Two weeks ago, The United States Court of Appeals reversed a lower court’s decision, ruling that the IT security system used by a domestic bank was not “commercially reasonable” to protect its customers.This sets a dangerous precedent, albeit a welcomed one for many security professionals.
As I've written before, I don't believe software vendors can be held accountable for ensuring their products are devoid of ALL security vulnerabilities -- it is not possible, nor can one imagine all of the possible ways an attacker might abuse a particular piece of software (the cause of most security breaches.) The same is true for enterprises, in this case banks, who deploy software and other IT solutions and use it to operate their business.

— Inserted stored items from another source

(* Let $\Omega\subsetneq\mathbb{R}^{2n+1}$ be a nonempty open convex set (convex in the Euclidean sense; not necessarily bounded). For $\xi\in\Omega$ let $\hat\xi\in\partial\Omega$ be a point with $|\xi-\hat\xi|=\operatorname{dist}(\xi,\partial\Omega)$ and let $\nu(\xi)=(\hat\xi-\xi)/|\hat\xi-\xi|\in\mathbb{S}^{2n}$ (a unit normal to $\partial\Omega$ at $\hat\xi$). Then for every $u\in C_0^\infty(\Omega)$, \[ \int_\Omega|\nabla_{\mathbb{H}^n}u|^2\,d\xi\ge\frac14\int_\Omega\sum_{i=1}^n\frac{\langle X_i(\xi),\nu(\xi)\rangle^2+\langle Y_i(\xi),\nu(\xi)\rangle^2}{\operatorname{dist}(\xi,\partial\Omega)^2}|u|^2\,d\xi . \]
   Context: $\mathbb{H}^n$ is $\mathbb{R}^{2n+1}$ with points $\xi=(x,y,t)$, $x,y\in\mathbb{R}^n$, $t\in\mathbb{R}$, and Lebesgue measure. For $1\le i\le n$, $X_i=\partial_{x_i}+2y_i\partial_t$, $Y_i=\partial_{y_i}-2x_i\partial_t$, identified with their coefficient vectors in $\mathbb{R}^{2n+1}$; $\langle\cdot,\cdot\rangle$ is the Euclidean inner product. $\nabla_{\mathbb{H}^n}u=(X_1u,\dots,X_nu,Y_1u,\dots,Y_nu)$, $|\nabla_{\mathbb{H}^n}u|^2=\sum_i(|X_iu|^2+|Y_iu|^2)$. $\operatorname{dist}$ is Euclidean distance and $\mathbb{S}^{2n}$ the Euclidean unit sphere. Functions are real-valued. *)

theory Defs
  imports "HOL-Analysis.Analysis"
begin

text \<open>Points of the Heisenberg group H^n are triples (x,y,t) with x,y in R^n, t in R.
  The product type carries the Euclidean norm/inner product of R^(2n+1).\<close>
type_synonym 'n hpt = "(real^'n) \<times> (real^'n) \<times> real"

coinductive smooth_fun :: "('a::euclidean_space \<Rightarrow> real) \<Rightarrow> bool" where
  "(\<forall>x. f differentiable (at x)) \<Longrightarrow>
   (\<forall>b\<in>Basis. smooth_fun (\<lambda>x. frechet_derivative f (at x) b)) \<Longrightarrow> smooth_fun f"

definition C0_inf :: "'a::euclidean_space set \<Rightarrow> ('a \<Rightarrow> real) \<Rightarrow> bool" where
  "C0_inf \<Omega> u \<longleftrightarrow> smooth_fun u \<and> compact (closure {x. u x \<noteq> 0})
      \<and> closure {x. u x \<noteq> 0} \<subseteq> \<Omega>"

text \<open>The vector fields X_i = d/dx_i + 2 y_i d/dt and Y_i = d/dy_i - 2 x_i d/dt,
  as coefficient vectors.\<close>
definition Xf :: "'n::finite \<Rightarrow> 'n hpt \<Rightarrow> 'n hpt" where
  "Xf i p = (case p of (x, y, t) \<Rightarrow> (axis i 1, 0, 2 * y $ i))"

definition Yf :: "'n::finite \<Rightarrow> 'n hpt \<Rightarrow> 'n hpt" where
  "Yf i p = (case p of (x, y, t) \<Rightarrow> (0, axis i 1, - 2 * x $ i))"

definition hgrad_sq :: "('n::finite hpt \<Rightarrow> real) \<Rightarrow> 'n hpt \<Rightarrow> real" where
  "hgrad_sq u p = (\<Sum>i\<in>UNIV. (frechet_derivative u (at p) (Xf i p))\<^sup>2
                                + (frechet_derivative u (at p) (Yf i p))\<^sup>2)"

end

theory Submission
  imports Defs
begin

text \<open>Each field \<open>V \<in> {X\<^sub>i, Y\<^sub>i}\<close> is constant along its integral curves, the straight lines
  \<open>\<xi> + s V(\<xi>)\<close>, and its flow preserves Lebesgue measure. Integrating along these lines reduces the
  estimate for one field to the one-dimensional Hardy inequality
  \<open>\<integral> g\<^sup>2 / (4 dist(s, C)\<^sup>2) \<le> \<integral> g'\<^sup>2\<close> for \<open>g(s) = u(\<xi> + s V)\<close>, where \<open>C\<close> is the closed set of parameters
  at which the line leaves \<open>\<Omega>\<close>; by convexity the support of \<open>g\<close> lies in a single gap of \<open>C\<close>.
  This bounds \<open>\<integral> (V u)\<^sup>2\<close> from below by \<open>\<integral> u\<^sup>2 / (4 \<rho>\<^sub>V\<^sup>2)\<close>, with \<open>\<rho>\<^sub>V(\<xi>)\<close> the distance from \<open>\<xi>\<close> to
  \<open>-\<Omega>\<close> along the line. Since \<open>\<Omega>\<close> lies on one side of the hyperplane through \<open>\<xi>\<^sub>h\<close> orthogonal to
  \<open>\<nu>\<close>, the line leaves \<open>\<Omega>\<close> within parameter distance \<open>dist(\<xi>, \<partial>\<Omega>) / |\<langle>V, \<nu>\<rangle>|\<close>, i.e.
  \<open>\<langle>V, \<nu>\<rangle>\<^sup>2 / dist(\<xi>, \<partial>\<Omega>)\<^sup>2 \<le> 1 / \<rho>\<^sub>V(\<xi>)\<^sup>2\<close>. Summing over the \<open>2n\<close> fields gives the theorem.\<close>

lemma nn_integral_lborel_translate:
  fixes G :: "'a::euclidean_space \<Rightarrow> ennreal"
  assumes [measurable]: "G \<in> borel_measurable borel"
  shows "(\<integral>\<^sup>+x. G (x + c) \<partial>lborel) = (\<integral>\<^sup>+x. G x \<partial>lborel)"
proof -
  have "(\<integral>\<^sup>+x. G x \<partial>lborel) = (\<integral>\<^sup>+x. G x \<partial>(distr lborel borel ((+) c)))"
    by (simp add: lborel_distr_plus)
  also have "\<dots> = (\<integral>\<^sup>+x. G (c + x) \<partial>lborel)"
    by (subst nn_integral_distr) auto
  finally show ?thesis by (simp add: add.commute)
qed

lemma nn_integral_lborel_prod:
  fixes f :: "'a::euclidean_space \<times> 'b::euclidean_space \<Rightarrow> ennreal"
  assumes "f \<in> borel_measurable borel"
  shows "(\<integral>\<^sup>+p. f p \<partial>lborel) = (\<integral>\<^sup>+x. \<integral>\<^sup>+y. f (x, y) \<partial>lborel \<partial>lborel)"
  using lborel.nn_integral_fst[of f lborel] assms by (simp add: lborel_prod)

lemma borel_measurable_continuous_compose:
  assumes "continuous_on UNIV h" "G \<in> borel_measurable borel"
  shows "(\<lambda>x. G (h x)) \<in> borel_measurable borel"
  using measurable_compose[OF borel_measurable_continuous_onI[OF assms(1)] assms(2)]
  by (simp add: o_def)

lemma borel_measurable_fst_euclidean [measurable]:
  "fst \<in> borel_measurable (borel :: ('a::euclidean_space \<times> 'b::euclidean_space) measure)"
  by (intro borel_measurable_continuous_onI continuous_intros)

lemma borel_measurable_snd_euclidean [measurable]:
  "snd \<in> borel_measurable (borel :: ('a::euclidean_space \<times> 'b::euclidean_space) measure)"
  by (intro borel_measurable_continuous_onI continuous_intros)

lemma nn_integral_lborel_shear:
  fixes G :: "'a::euclidean_space \<times> 'b::euclidean_space \<Rightarrow> ennreal"
  assumes G: "G \<in> borel_measurable borel" and h: "continuous_on UNIV h"
  shows "(\<integral>\<^sup>+p. G (fst p, snd p + h (fst p)) \<partial>lborel) = (\<integral>\<^sup>+p. G p \<partial>lborel)"
proof -
  have "(\<lambda>p. G (fst p, snd p + h (fst p))) \<in> borel_measurable borel"
    by (intro borel_measurable_continuous_compose[OF _ G] continuous_intros continuous_on_compose2[OF h]) auto
  then have "(\<integral>\<^sup>+p. G (fst p, snd p + h (fst p)) \<partial>lborel) = (\<integral>\<^sup>+x. \<integral>\<^sup>+y. G (x, y + h x) \<partial>lborel \<partial>lborel)"
    by (simp add: nn_integral_lborel_prod)
  also have "\<dots> = (\<integral>\<^sup>+x. \<integral>\<^sup>+y. G (x, y) \<partial>lborel \<partial>lborel)"
  proof (rule nn_integral_cong)
    fix x
    show "(\<integral>\<^sup>+y. G (x, y + h x) \<partial>lborel) = (\<integral>\<^sup>+y. G (x, y) \<partial>lborel)"
      by (intro nn_integral_lborel_translate borel_measurable_continuous_compose[OF _ G] continuous_intros)
  qed
  also have "\<dots> = (\<integral>\<^sup>+p. G p \<partial>lborel)"
    using G by (simp add: nn_integral_lborel_prod)
  finally show ?thesis .
qed

lemma nn_set_integral_sum_plus:
  fixes f g :: "'i \<Rightarrow> 'a::euclidean_space \<Rightarrow> real"
  assumes "finite I" "A \<in> sets borel"
    and [measurable]: "\<And>i. f i \<in> borel_measurable borel" "\<And>i. g i \<in> borel_measurable borel"
    and "\<And>i x. 0 \<le> f i x" "\<And>i x. 0 \<le> g i x"
  shows "(\<integral>\<^sup>+x\<in>A. ennreal (\<Sum>i\<in>I. f i x + g i x) \<partial>lborel)
       = (\<Sum>i\<in>I. (\<integral>\<^sup>+x\<in>A. ennreal (f i x) \<partial>lborel) + (\<integral>\<^sup>+x\<in>A. ennreal (g i x) \<partial>lborel))"
proof -
  have "(\<integral>\<^sup>+x\<in>A. ennreal (\<Sum>i\<in>I. f i x + g i x) \<partial>lborel)
      = (\<integral>\<^sup>+x. (\<Sum>i\<in>I. ennreal (f i x) * indicator A x + ennreal (g i x) * indicator A x) \<partial>lborel)"
    using assms(5,6) by (intro nn_integral_cong) (simp add: sum_nonneg ennreal_plus sum_distrib_right distrib_right flip: sum_ennreal)
  also have "\<dots> = (\<Sum>i\<in>I. (\<integral>\<^sup>+x\<in>A. ennreal (f i x) \<partial>lborel) + (\<integral>\<^sup>+x\<in>A. ennreal (g i x) \<partial>lborel))"
    using assms(2) by (subst nn_integral_sum) (auto simp: nn_integral_add)
  finally show ?thesis .
qed

lemma nn_integral_Icc_continuous:
  fixes f :: "real \<Rightarrow> real"
  assumes "continuous_on {a..b} f" "\<And>x. x \<in> {a..b} \<Longrightarrow> 0 \<le> f x"
  shows "(\<integral>\<^sup>+x\<in>{a..b}. ennreal (f x) \<partial>lborel) = ennreal (integral {a..b} f)"
proof -
  have "(\<lambda>x. ennreal (f x) * indicator {a..b} x) = (\<lambda>x. ennreal (indicator {a..b} x * f x))"
    by (auto simp: indicator_def)
  then show ?thesis
    using nn_integral_has_integral_lebesgue[OF assms(2)
        integrable_integral[OF integrable_continuous_interval[OF assms(1)]]]
    by simp
qed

Security Innovation sits on both sides of the application security fence: we help customer build and deploy more secure software and we have to do it ourselves. We understand the inherent challenges o doing so. Delivering 100% secure software is not feasible, unless you want to offer incredibly limited functionality to your customers (which they don't want). Having said that, I do believe that vendors and enterprises should be held accountable when there is clear negligence. If the bank was so grossly careless with their IT systems that even rudimentary defenses weren't in place, it's clear they should be held accountable. If they were 100% in compliance with a given security standard (i.e. PCI-DSS or ISO 27002) and can prove so, there are safe harbor protections that give them indemnity (at least in the case of PCI.) Although PCI-DSS compliance does not equate to security and in the absence of formally defined (and enforced) industry standard for application security, the bank can demonstrate they operated in good faith and exerted due diligence to secure their IT systems.
But where does one draw that line for the cases in between (as is the case with most breaches)? Herein lies the danger of such a ruling as the one against People's United Bank. There is precedence now and that is gold to litigation attorneys. As much as I am a staunch believer that holders of sensitive data have an obligation to protect that data, I am deeply concerned over the implications and future impact this ruling might have. It opens the door to a very grey area of accountability and fiscal liability. And we all know that the people who make out the best in these situations isn't the consumer, nor is it the enterprise... it's the lawyers.